Reproduce, from the lines below, exactly the stretch that begins at the line containing "using less.prems(2) unfolding" and ends at the line containing "using p r unfolding r' is_path_iff_successively", both included.

• **Material to process**:
= Beginning of Section =
text \<open>
  The core is a converse-of-transitivity property: if \<open>F \<rightarrow> G \<rightarrow> H\<close> and \<open>F \<not>\<rightarrow> H\<close> with
  \<open>F \<noteq> H\<close>, then \<open>G \<rightarrow> F\<close>. Given it, a cycle \<open>F\<^sub>0 \<rightarrow> F\<^sub>1 \<rightarrow> F\<^sub>2 \<rightarrow> \<dots>\<close> of length
  at least 3 has either \<open>F\<^sub>0 \<rightarrow> F\<^sub>2\<close>, and then skipping \<open>F\<^sub>1\<close> yields a cycle that
  \<open>F\<^sub>0 \<rightarrow> F\<^sub>1\<close> leaves, or \<open>F\<^sub>1 \<rightarrow> F\<^sub>0\<close>, and then \<open>{F\<^sub>0, F\<^sub>1}\<close> is a 2-cycle that
  \<open>F\<^sub>1 \<rightarrow> F\<^sub>2\<close> leaves; either way terminality fails.

  For the converse property, suppose \<open>G \<not>\<rightarrow> F\<close>: some edge \<open>e'\<close> on the tree path from \<open>G\<close>
  to \<open>F\<close> has label inside \<open>G\<^sup>+\<close>. Cutting \<open>e'\<close> splits the join tree into the side \<open>C\<close>
  of \<open>F\<close> and the side of \<open>G\<close>, and variables shared across the cut lie in the label of
  \<open>e'\<close>. The path from \<open>G\<close> to \<open>H\<close> avoids \<open>e'\<close> (as \<open>G \<rightarrow> H\<close>), and the edge \<open>e\<close> witnessing
  \<open>F \<not>\<rightarrow> H\<close> cannot lie on the path from \<open>F\<close> to \<open>G\<close> (as \<open>F \<rightarrow> G\<close>), so \<open>e\<close> lies on the
  \<open>G\<close>-side. Following the derivation of \<open>F\<^sup>+\<close> shows that it meets every atom outside \<open>C\<close>
  only in \<open>G\<^sup>+\<close>: atoms on \<open>C\<close> contribute only through the cut label, and the atom \<open>G\<close>
  never fires because \<open>key G \<not>\<subseteq> F\<^sup>+\<close>. Hence the label of \<open>e\<close> is inside \<open>G\<^sup>+\<close>,
  contradicting \<open>G \<rightarrow> H\<close>.
\<close>

definition reachable :: "'a set set \<Rightarrow> 'a \<Rightarrow> 'a \<Rightarrow> bool" where
  "reachable E a b \<longleftrightarrow> (\<exists>p. is_path E a b p)"

definition path_edges :: "'a list \<Rightarrow> 'a set set" where
  "path_edges p = {{p ! i, p ! Suc i} | i. Suc i < length p}"

lemma is_path_iff_successively:
  "is_path E a b p \<longleftrightarrow>
     p \<noteq> [] \<and> hd p = a \<and> last p = b \<and> distinct p \<and> successively (\<lambda>x y. {x, y} \<in> E) p"
  by (auto simp: is_path_def successively_conv_nth)

lemma is_path_minus_edge_iff:
  "is_path (E - {e}) a b p \<longleftrightarrow> is_path E a b p \<and> e \<notin> path_edges p"
  by (auto simp: is_path_def path_edges_def)

lemma path_edge_subset_set: "e \<in> path_edges p \<Longrightarrow> e \<subseteq> set p"
  by (auto simp: path_edges_def)

lemma successively_remove_loops:
  assumes "successively R p" "p \<noteq> []"
  obtains p' where "successively R p'" "distinct p'" "p' \<noteq> []" "hd p' = hd p" "last p' = last p"
  using assms
proof (induction "length p" arbitrary: p rule: less_induct)
  case less
  show ?case
  proof (cases "distinct p")
    case True
    with less.prems show ?thesis by blast
  next
    case False
    then obtain xs y ys zs where p: "p = xs @ [y] @ ys @ [y] @ zs"
      using not_distinct_decomp by blast
    have "successively R (y # zs)"
      using less.prems(2) successively_append_iff[of R "y # ys" "y # zs"]
      unfolding p by (simp add: successively_append_iff)
    then have "successively R (xs @ y # zs)"
      using less.prems(2) unfolding p by (auto simp: successively_append_iff)
    moreover have "hd (xs @ y # zs) = hd p" "last (xs @ y # zs) = last p"
      unfolding p by (cases xs; simp) (cases zs; simp)
    ultimately show ?thesis
      using less.hyps[of "xs @ y # zs"] less.prems(1) p by fastforce
  qed
qed

lemma reachable_refl: "reachable E a a"
  unfolding reachable_def is_path_def by (rule exI[of _ "[a]"]) simp

lemma reachable_sym: "reachable E a b \<Longrightarrow> reachable E b a"
proof -
  assume "reachable E a b"
  then obtain p where "is_path E a b p" unfolding reachable_def by blast
  then have "is_path E b a (rev p)"
    unfolding is_path_iff_successively by (simp add: hd_rev last_rev insert_commute)
  then show ?thesis unfolding reachable_def by blast
qed

lemma reachable_trans:
  assumes "reachable E a b" "reachable E b c"
  shows "reachable E a c"
proof -
  obtain p r where p: "is_path E a b p" and r: "is_path E b c r"
    using assms unfolding reachable_def by blast
  then obtain r' where r': "r = b # r'"
    by (metis is_path_def list.collapse)
  have "successively (\<lambda>x y. {x, y} \<in> E) (p @ r')"
    using p r unfolding r' is_path_iff_successively by (auto simp: successively_append_iff successively_Cons)
  moreover have "hd (p @ r') = a" "last (p @ r') = c"
    using p r unfolding r' is_path_def by auto
  moreover have "p @ r' \<noteq> []"
    using p by (simp add: is_path_def)
  ultimately obtain p' where "successively (\<lambda>x y. {x, y} \<in> E) p'" "distinct p'" "p' \<noteq> []"
    "hd p' = a" "last p' = c"
    by (metis successively_remove_loops)
  then show ?thesis
    unfolding reachable_def is_path_iff_successively by blast
qed

lemma reachable_path_member:
  assumes "is_path E a b p" "v \<in> set p"
  shows "reachable E a v"
proof -
  obtain xs ys where p: "p = xs @ v # ys"
    using assms(2) by (meson split_list)
  have "is_path E a v (xs @ [v])"
    using assms(1) unfolding p is_path_iff_successively
    by (auto simp: successively_append_iff hd_append split: if_splits)
  then show ?thesis unfolding reachable_def by blast
qed

lemma path_last_edge:
  assumes "is_path E a b p" "a \<noteq> b"
  obtains c where "{c, b} \<in> path_edges p"
proof -
  have "length p \<ge> 2"
    using assms unfolding is_path_def
    by (cases p) (auto simp: Suc_le_eq)
  then have "Suc (length p - 2) < length p" "Suc (length p - 2) = length p - 1"
    by auto
  moreover have "b = p ! (length p - 1)"
    using assms(1) unfolding is_path_def by (auto simp: last_conv_nth)
  ultimately have "{p ! (length p - 2), b} \<in> path_edges p"
    unfolding path_edges_def by (metis (mono_tags, lifting) mem_Collect_eq)
  then show ?thesis by (rule that)
qed

lemma tree_pathE:
  assumes "is_tree V E" "a \<in> V" "b \<in> V"
  obtains p where "is_path E a b p"
  using assms unfolding is_tree_def by blast

lemma tree_path_subset:
  assumes "is_tree V E" "is_path E a b p" "a \<in> V"
  shows "set p \<subseteq> V"
proof
  fix v assume "v \<in> set p"
  then obtain k where k: "k < length p" "p ! k = v" by (auto simp: in_set_conv_nth)
  show "v \<in> V"
  proof (cases k)
    case 0
    then show ?thesis using assms(2,3) k by (auto simp: is_path_def hd_conv_nth)
  next
    case (Suc m)
    then have "{p ! m, v} \<in> E" using assms(2) k by (auto simp: is_path_def)
    then show ?thesis using assms(1) by (auto simp: is_tree_def doubleton_eq_iff)
  qed
qed

lemma tree_reachable_minus_edge_iff:
  assumes "is_tree V E" "a \<in> V" "b \<in> V" "is_path E a b p"
  shows "reachable (E - {e}) a b \<longleftrightarrow> e \<notin> path_edges p"
proof
  assume "reachable (E - {e}) a b"
  then obtain r where r: "is_path (E - {e}) a b r" unfolding reachable_def by blast
  then have "r = p"
    using assms unfolding is_tree_def is_path_minus_edge_iff by blast
  then show "e \<notin> path_edges p" using r by (simp add: is_path_minus_edge_iff)
next
  assume "e \<notin> path_edges p"
  then show "reachable (E - {e}) a b"
    using assms(4) unfolding reachable_def is_path_minus_edge_iff by blast
qed

lemma join_tree_cut_separates:
  assumes jt: "join_tree q E" and "K1 \<in> q" "K2 \<in> q"
    and cut: "\<not> reachable (E - {{A, B}}) K1 K2"
    and "x \<in> vars K1" "x \<in> vars K2"
  shows "x \<in> label A B"
proof -
  have tree: "is_tree q E" using jt by (simp add: join_tree_def)
  obtain p where p: "is_path E K1 K2 p"
    using tree_pathE[OF tree assms(2,3)] .
  have "{A, B} \<subseteq> set p"
    using tree_reachable_minus_edge_iff[OF tree assms(2,3) p] cut path_edge_subset_set by blast
  then show ?thesis
    using jt assms(2,3,5,6) p unfolding join_tree_def label_def by blast
qed

lemma fd_closure_subsetI:
  "(A, B) \<in> \<Sigma> \<Longrightarrow> A \<subseteq> fd_closure \<Sigma> X \<Longrightarrow> B \<subseteq> fd_closure \<Sigma> X"
  by (blast intro: fd_closure.step)

lemma key_subset_vars: "key sig F \<subseteq> vars F"
  unfolding key_def vars_def by (auto dest: nth_mem[of _ "args F"])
= End of Section =
• **Response to this exercise**:
      using less.prems(2) unfolding p by (auto simp: successively_append_iff)
    moreover have "hd (xs @ y # zs) = hd p" "last (xs @ y # zs) = last p"
      unfolding p by (cases xs; simp) (cases zs; simp)
    ultimately show ?thesis
      using less.hyps[of "xs @ y # zs"] less.prems(1) p by fastforce
  qed
qed

lemma reachable_refl: "reachable E a a"
  unfolding reachable_def is_path_def by (rule exI[of _ "[a]"]) simp

lemma reachable_sym: "reachable E a b \<Longrightarrow> reachable E b a"
proof -
  assume "reachable E a b"
  then obtain p where "is_path E a b p" unfolding reachable_def by blast
  then have "is_path E b a (rev p)"
    unfolding is_path_iff_successively by (simp add: hd_rev last_rev insert_commute)
  then show ?thesis unfolding reachable_def by blast
qed

lemma reachable_trans:
  assumes "reachable E a b" "reachable E b c"
  shows "reachable E a c"
proof -
  obtain p r where p: "is_path E a b p" and r: "is_path E b c r"
    using assms unfolding reachable_def by blast
  then obtain r' where r': "r = b # r'"
    by (metis is_path_def list.collapse)
  have "successively (\<lambda>x y. {x, y} \<in> E) (p @ r')"
    using p r unfolding r' is_path_iff_successively by (auto simp: successively_append_iff successively_Cons)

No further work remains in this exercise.